• DATASET:
◆ ◆ ◆ ◆

(* Let $d\in\mathbb N$, $\beta\in(1,\infty)$, and let the kernels $K_r,G^0_r,G^1_r,G^v_r$ be as defined in the context. There exists $C>0$ (independent of $r$) such that for every $r>0$, $$\operatorname{supp}K_r\cup\operatorname{supp}G^0_r\cup\operatorname{supp}G^1_r\cup\operatorname{supp}G^v_r\subset\{(s,y,w)\in\mathbb R^{1+2d}: -2r\le s\le -r,\ |y|\le Cr^\beta,\ |w|\le Cr^{\beta-1}\},$$ and, with implicit constants independent of $r>0$, $$|K_r|\lesssim r^{-\mathsf Q},\ |\nabla_yK_r|\lesssim r^{-\beta-\mathsf Q},\quad |G^0_r|\lesssim r^{1-\beta-\mathsf Q},\ |\nabla_yG^0_r|\lesssim r^{1-2\beta-\mathsf Q},$$ $$|G^1_r|\lesssim r^{-\mathsf Q},\ |\nabla_yG^1_r|\lesssim r^{-\beta-\mathsf Q},\quad |G^v_r|\lesssim r^{\beta-2-\mathsf Q},\ |\nabla_yG^v_r|\lesssim r^{-2-\mathsf Q},$$ where $\nabla_y$ denotes differentiation in the variable $y$.
   Context: All $2\times2$ matrices act on $\mathbb R^{2d}=\mathbb R^d\times\mathbb R^d$ as their tensor product with $\mathrm{Id}_d$. Let $g_1(r)=r^\beta\sin\log r$, $g_2(r)=r^\beta\cos\log r$ for $r>0$, and $$\mathcal W(r)=\begin{pmatrix}g_1(r)&g_2(r)\\ \dot g_1(r)&\dot g_2(r)\end{pmatrix},\quad \mathcal D_\delta=\begin{pmatrix}\mathrm{Id}_d&0\\0&\delta\,\mathrm{Id}_d\end{pmatrix},\quad \mathcal A_{m_0}(r)=\mathcal D_{m_0}^{-1}\mathcal W(r)\ (m_0\neq0),$$ $$\mathcal F_{m_0}(r)=\bigl(m_0^{-1}\ddot g_1(r)\ \ m_0^{-1}\ddot g_2(r)\bigr)\in\mathbb R^{d\times2d}.$$ Let $c_0:=(-1)^d$ (so that $\det\mathcal W(r)=c_0r^{(2\beta-1)d}$) and $\mathsf Q:=(2\beta-1)d+1$. Fix a nonnegative $\psi\in C_c^\infty(\mathbb R^{1+2d})$ with unit mass and $\operatorname{supp}\psi\subset(-2,-1)\times B_1(0)\times B_1(0)$; write $\nabla_{x,v}\psi$ for its gradient in the last $2d$ variables. For $r>0$ and $(s,y,w)\in\mathbb R^{1+2d}$ (all kernels set to $0$ when $s=0$), with $M:=\mathcal A_{s/r}(r)^{-1}$ and $M_{\cdot;2}$ its second block column ($2d\times d$): $$K_r(s,y,w)=c_0^{-1}r^{-\mathsf Q}(s/r)^d\,\psi\bigl(s/r,M(y,w)\bigr),$$ $$G^0_r(s,y,w)=c_0^{-1}(s/r)^{d+1}r^{-\mathsf Q}\,[\nabla_{x,v}\psi]^T\bigl(s/r,M(y,w)\bigr)\,M_{\cdot;2},$$ $$G^1_r(s,y,w)=-c_0^{-1}(s/r)^{d+1}r^{-\mathsf Q}\,\psi\bigl(s/r,M(y,w)\bigr),$$ $$G^v_r(s,y,w)=-c_0^{-1}(s/r)^{d}r^{-\mathsf Q}\,\psi\bigl(s/r,M(y,w)\bigr)\,\mathcal F_{s/r}(r)\,M(y,w).$$ *)

theory Defs
  imports "HOL-Analysis.Analysis"
begin

inductive iter_dderiv :: "('a::real_normed_vector \<Rightarrow> 'b::real_normed_vector) \<Rightarrow> ('a \<Rightarrow> 'b) \<Rightarrow> bool"
  for f where
  base: "iter_dderiv f f"
| step: "iter_dderiv f g \<Longrightarrow> iter_dderiv f (\<lambda>x. frechet_derivative g (at x) v)"

text \<open>A function is smooth if all iterated directional derivatives exist everywhere
  (as Frechet derivatives) and are continuous; on finite-dimensional spaces this is C-infinity.\<close>
definition smooth_fun :: "('a::real_normed_vector \<Rightarrow> 'b::real_normed_vector) \<Rightarrow> bool" where
  "smooth_fun f \<longleftrightarrow> (\<forall>g. iter_dderiv f g \<longrightarrow> (\<forall>x. g differentiable (at x)) \<and> continuous_on UNIV g)"

definition g1 :: "real \<Rightarrow> real \<Rightarrow> real" where "g1 \<beta> r = r powr \<beta> * sin (ln r)"
definition g2 :: "real \<Rightarrow> real \<Rightarrow> real" where "g2 \<beta> r = r powr \<beta> * cos (ln r)"

text \<open>2x2 scalar matrices; they act on R^d x R^d via tensor product with Id_d.\<close>
definition mat2 :: "real \<Rightarrow> real \<Rightarrow> real \<Rightarrow> real \<Rightarrow> real^2^2" where
  "mat2 a b c e = (\<chi> i j. if i = 1 then (if j = 1 then a else b) else (if j = 1 then c else e))"

definition blk_act :: "real^2^2 \<Rightarrow> ((real^'d) \<times> (real^'d)) \<Rightarrow> ((real^'d) \<times> (real^'d))" where
  "blk_act P z = ((P$1$1) *\<^sub>R fst z + (P$1$2) *\<^sub>R snd z, (P$2$1) *\<^sub>R fst z + (P$2$2) *\<^sub>R snd z)"

definition Wmat :: "real \<Rightarrow> real \<Rightarrow> real^2^2" where
  "Wmat \<beta> r = mat2 (g1 \<beta> r) (g2 \<beta> r) (deriv (g1 \<beta>) r) (deriv (g2 \<beta>) r)"

definition Dmat :: "real \<Rightarrow> real^2^2" where
  "Dmat \<delta> = mat2 1 0 0 \<delta>"

definition Amat :: "real \<Rightarrow> real \<Rightarrow> real \<Rightarrow> real^2^2" where
  "Amat \<beta> m0 r = matrix_inv (Dmat m0) ** Wmat \<beta> r"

◆ ◆ ◆ ◆

• WORK INSTRUCTIONS:
Find each line in the records above that contains "Amat", and copy it.

• SOLUTION BELOW:
definition Amat :: "real \<Rightarrow> real \<Rightarrow> real \<Rightarrow> real^2^2" where
  "Amat \<beta> m0 r = matrix_inv (Dmat m0) ** Wmat \<beta> r"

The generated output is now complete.